Quand la ville pousse (BWV 1007)
Les plus récents comme les plus vieux

Le train de banlieue qui se prenait pour un TGV

      
un samedi matin, par beau temps (mais froid)
P2260004
      
Je devais me rendre à Paris. Selon mon humeur, parisienne ou banlieusarde, mon courage ou mon état de santé (emprunter la ligne 13 nécessite un minimum de résistance physique quant au taux supportable de compression), j'ai la chance de pouvoir choisir entre le train et le métro.
    
Ce matin-là, fatiguée, j'optai pour le train. J'étais de plus en plein "Ubiquité" (1), un livre que j'avais eu du mal à refermer quand l'heure était venue de quitter mon domicile, et ce mode de transport me semblait plus propice à la lecture. Souvent sur la ligne 13, il est même impossible d'entrouvrir un poche.
      
Je n'attendis pas longtemps sur le quai, ou alors c'était la magie du récit où j'étais embarquée qui me fit croire à l'arrivée rapide du banlieue attendu.

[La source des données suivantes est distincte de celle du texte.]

text \<open>A shared endpoint c lies between the other two endpoints. On the frontier this contradicts
  the interior ball condition; at a site a i the odd degree forces a third segment [c, Z], and c
  cannot lie on all three sides of the triangle X Y Z.\<close>
lemma minimal_connection_no_shared_endpoint:
  assumes mc: "minimal_connection \<Omega> a p q P Q" and \<Omega>: "open \<Omega>" and a: "a ` {..<p} \<subseteq> \<Omega>"
    and C2: "C2_boundary \<Omega>" and jk: "j < q" "k < q" "j \<noteq> k"
  shows "{P j, Q j} \<inter> {P k, Q k} = {}"
proof (rule ccontr)
  assume "{P j, Q j} \<inter> {P k, Q k} \<noteq> {}"
  then obtain c where c: "c \<in> {P j, Q j}" "c \<in> {P k, Q k}"
    by blast
  define other where "other l = (if c = P l then Q l else P l)" for l
  have conn: "connection \<Omega> a p q P Q"
    using mc by (simp add: minimal_connection_def)
  have ends: "{P l, Q l} = {c, other l}" "other l \<noteq> c" if "l < q" "c \<in> {P l, Q l}" for l
    using that connection_segment_endpoints(1)[OF conn that(1)] by (auto simp: other_def)
  have between: "c \<in> closed_segment (other l) (other n)"
    if "l < q" "n < q" "l \<noteq> n" "c \<in> {P l, Q l}" "c \<in> {P n, Q n}" for l n
    using that ends by (intro minimal_connection_shared_endpoint_between[OF mc \<Omega> a]) auto
  show False
  proof (cases "c \<in> \<Omega>")
    case False
    moreover have "c \<in> closure \<Omega>"
      using c connection_segment_endpoints(2,3)[OF conn jk(1)] by auto
    ultimately have "c \<in> frontier \<Omega>"
      using \<Omega> by (simp add: frontier_def interior_open)
    then show False
      using C2_boundary_no_interior_balls_on_both_sides[OF C2 _ _ _ between[OF jk c]] ends jk c
        minimal_connection_ball_subset[OF mc \<Omega> a] by metis
  next
    case True
    then obtain i where i: "i < p" "c = a i"
      using c connection_segment_endpoints(4,5)[OF conn jk(1)] \<Omega>
      by (auto simp: frontier_def interior_open)
    define S where "S = {l. l < q \<and> a i \<in> {P l, Q l}}"
    have "odd (card S)"
      using conn i by (simp add: connection_def S_def)
    moreover have "j \<in> S" "k \<in> S"
      using c jk i by (auto simp: S_def)
    moreover have "S \<noteq> {j, k}"
      using \<open>odd (card S)\<close> jk(3) by auto
    ultimately obtain n where n: "n < q" "c \<in> {P n, Q n}" "n \<noteq> j" "n \<noteq> k"
      using i by (auto simp: S_def)
    have "c \<in> {other j, other k, other n}"
      using between[OF jk c] between[OF jk(1) n(1) n(3)[symmetric] c(1) n(2)]
        between[OF jk(2) n(1) n(4)[symmetric] c(2) n(2)]
      by (rule common_point_of_triangle_sides)
    then show False
      using ends jk c n by auto
  qed
qed

text \<open>By the exchange argument a common point x lies on every segment joining an endpoint of one
  segment to an endpoint of the other, which forces it to be a shared endpoint.\<close>
lemma minimal_connection_segments_disjoint:
  assumes mc: "minimal_connection \<Omega> a p q P Q" and \<Omega>: "open \<Omega>" and a: "a ` {..<p} \<subseteq> \<Omega>"
    and C2: "C2_boundary \<Omega>" and jk: "j < q" "k < q" "j \<noteq> k"
  shows "closed_segment (P j) (Q j) \<inter> closed_segment (P k) (Q k) = {}"
proof (rule ccontr)
  assume "closed_segment (P j) (Q j) \<inter> closed_segment (P k) (Q k) \<noteq> {}"
  then obtain x where xj: "x \<in> closed_segment (P j) (Q j)" and xk: "x \<in> closed_segment (P k) (Q k)"
    by blast
  have conn: "connection \<Omega> a p q P Q"
    using mc by (simp add: minimal_connection_def)
  have "P j \<noteq> Q j" "P k \<noteq> Q k"
    using connection_segment_endpoints(1)[OF conn] jk by blast+
  have cross: "x \<in> closed_segment u v" if u: "u \<in> {P j, Q j}" and v: "v \<in> {P k, Q k}" for u v
  proof -
    define u' v' where "u' = (if u = P j then Q j else P j)" and "v' = (if v = P k then Q k else P k)"
    have uj: "{P j, Q j} = {u, u'}" and vk: "{P k, Q k} = {v, v'}"
      using u v by (auto simp: u'_def v'_def)
    have "{#u, v#} + {#u', v'#} = {#P j, Q j#} + {#P k, Q k#}"
      using mset_doubleton_if_doubleton[OF uj \<open>P j \<noteq> Q j\<close>] mset_doubleton_if_doubleton[OF vk \<open>P k \<noteq> Q k\<close>]
      by (simp add: add_mset_commute)
    then have "dist (P j) (Q j) + dist (P k) (Q k) \<le> dist u v + dist u' v'"
      by (rule minimal_connection_exchange_pair[OF mc \<Omega> a jk])
    moreover have "x \<in> closed_segment u u'" "x \<in> closed_segment v v'"
      using xj xk uj vk by (auto simp: doubleton_eq_iff closed_segment_commute)
    then have "dist u u' = dist u x + dist x u'" "dist v v' = dist v x + dist x v'"
      by (simp_all add: between_mem_segment[symmetric] between)
    moreover have "dist (P j) (Q j) = dist u u'" "dist (P k) (Q k) = dist v v'"
      using uj vk by (auto simp: doubleton_eq_iff dist_commute)
    ultimately have "dist u v = dist u x + dist x v"
      using dist_triangle[of u v x] dist_triangle[of u' v' x] dist_commute[of x u'] dist_commute[of x v]
      by linarith
    then show ?thesis
      by (rule mem_closed_segment_if_dist_add)
  qed
  have PP: "x \<in> closed_segment (P j) (P k)" and QP: "x \<in> closed_segment (Q j) (P k)"
    and PQ: "x \<in> closed_segment (P j) (Q k)" and QQ: "x \<in> closed_segment (Q j) (Q k)"
    by (simp_all add: cross)
  have "x \<in> {P j, Q j, P k}" "x \<in> {P j, Q j, Q k}"
    using common_point_of_triangle_sides[OF xj PP QP] common_point_of_triangle_sides[OF xj PQ QQ] .
  moreover have "x \<in> {P k, Q k, P j}" "x \<in> {P k, Q k, Q j}"
    using common_point_of_triangle_sides[OF xk, of "P j"] common_point_of_triangle_sides[OF xk, of "Q j"]
      PP QP PQ QQ by (simp_all add: closed_segment_commute)
  ultimately have "x \<in> {P j, Q j} \<inter> {P k, Q k}"
    using \<open>P j \<noteq> Q j\<close> \<open>P k \<noteq> Q k\<close> by auto
  then show False
    using minimal_connection_no_shared_endpoint[OF mc \<Omega> a C2 jk] by blast
qed

section \<open>A lower bound for the one-dimensional Hausdorff measure\<close>

lemma interval_length_le_suminf_diameter:
  fixes f :: "'a::metric_space \<Rightarrow> real" and D :: "nat \<Rightarrow> 'a set"
  assumes f: "1-lipschitz_on UNIV f" and bounded: "\<And>n. bounded (D n)"
    and cover: "{l..u} \<subseteq> (\<Union>n. f ` D n)" and "l \<le> u"
  shows "ennreal (u - l) \<le> (\<Sum>n. ennreal (2 * diameter (D n)))"
proof -
  define I where "I n = (if D n = {} then {} else
      {f (SOME z. z \<in> D n) - diameter (D n) .. f (SOME z. z \<in> D n) + diameter (D n)})" for n
  have image_in_I: "f ` D n \<subseteq> I n" for n
  proof (cases "D n = {}")
    case False
    define z where "z = (SOME z. z \<in> D n)"
    have "z \<in> D n"
      using False by (simp add: z_def some_in_eq)
    show ?thesis
    proof
      fix r assume "r \<in> f ` D n"
      then obtain w where "w \<in> D n" "r = f w" by blast
      moreover have "dist (f w) (f z) \<le> diameter (D n)"
        using lipschitz_onD[OF f, of w z] diameter_bounded_bound[OF bounded \<open>w \<in> D n\<close> \<open>z \<in> D n\<close>]
        by simp
      ultimately have "\<bar>r - f z\<bar> \<le> diameter (D n)"
        by (simp add: dist_real_def)
      then show "r \<in> I n"
        using False by (simp add: I_def z_def[symmetric] abs_le_iff)
    qed
  qed (simp add: I_def)
  have I_sets: "I n \<in> sets lborel" for n
    by (simp add: I_def)
  have "{l..u} \<subseteq> (\<Union>n. I n)"
  proof
    fix r assume "r \<in> {l..u}"
    then obtain n where "r \<in> f ` D n"
      using cover by blast
    then show "r \<in> (\<Union>n. I n)"
      using image_in_I by blast
  qed
  then have "emeasure lborel {l..u} \<le> emeasure lborel (\<Union>n. I n)"
    using I_sets by (intro emeasure_mono) auto
  also have "\<dots> \<le> (\<Sum>n. emeasure lborel (I n))"
    using I_sets by (intro emeasure_subadditive_countably) auto
  also have "\<dots> \<le> (\<Sum>n. ennreal (2 * diameter (D n)))"
  proof (intro suminf_le allI)
    fix n
    show "emeasure lborel (I n) \<le> ennreal (2 * diameter (D n))"
      using diameter_ge_0[OF bounded, of n] by (simp add: I_def)
  qed auto
  finally show ?thesis
    using \<open>l \<le> u\<close> by simp
qed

A peine assise, je repris là où j'en étais. Comme chaque très bon livre pour chacun de ses lecteurs, celui-ci me parlait un peu de ma propre histoire ; sans que rien ne puisse directement l'expliquer, il me redonnait confiance en moi.
    
C'est donc presque avec colère et en tout cas un trajet bien trop court, que je fus interrompue par la voie du conducteur, pourtant pourvue d'un agréable accent du sud, et qui annonçait "Mesdames et messieurs, nous arrivons en gare de Saint Lazare, terminus de notre train. Assurez-vous de n'avoir rien oublié. Je vous souhaite une bonne journée".
   
Sur ma gauche un voyageur que je n'avais pas remarqué en montant, répondit d'un ton aviné mais fortement intelligible, soit qu'il eût fort éclusé la veille, soit qu'il ait commencé tôt ce matin-là, "Moi aussi".
   
La colère vira au rire, que je conservai intérieur pour ne pas contrarier le répondant, juste avant qu'une voix féminine, suave et impersonnelle ne reprenne à son compte les principales informations, "prochain arrêt Saint Lazare, terminus du train".
   
Je me dis que décidément les tortillards bleus de la périphérie parisienne n'étaient plus ce qu'ils étaient, qui l'espace d'un parcours de cinq gares, se croyaient obligés d'assaillir de prévenances le moindre usager, et que leurs patrons devaient avoir bien peur de notre présence attardée dans ces wagons pour insister ainsi sur le terme du voyage ; refermai le livre à grand regret et quittai les lieux pour m'en aller accomplir les miennes démarches qui engendraient ce déplacement qu'au bonheur de lecture j'aurais volontiers sacrifiées. 
 
(1) "Ubiquité" de Claire Wolniewicz chez Viviane Hamy.
    
"Sa place était là dorénavant, au centre, non là-bas, en banlieue. "Banlieue" était un terme du Moyen Age ; originellement "lieu du ban", il désignait cette limite au-delà de laquelle la convocation - le ban - des vassaux pour la guerre n'avait plus de portée.
C'était ce que venaient de lui chuchoter les nuages. Il ne pouvait plus habiter là-bas puisque Rita était son centre. S'il demeurait loin d'elle, il n'entendrait pas son appel."  Claire Wolniewicz, "Ubiquité" page 67.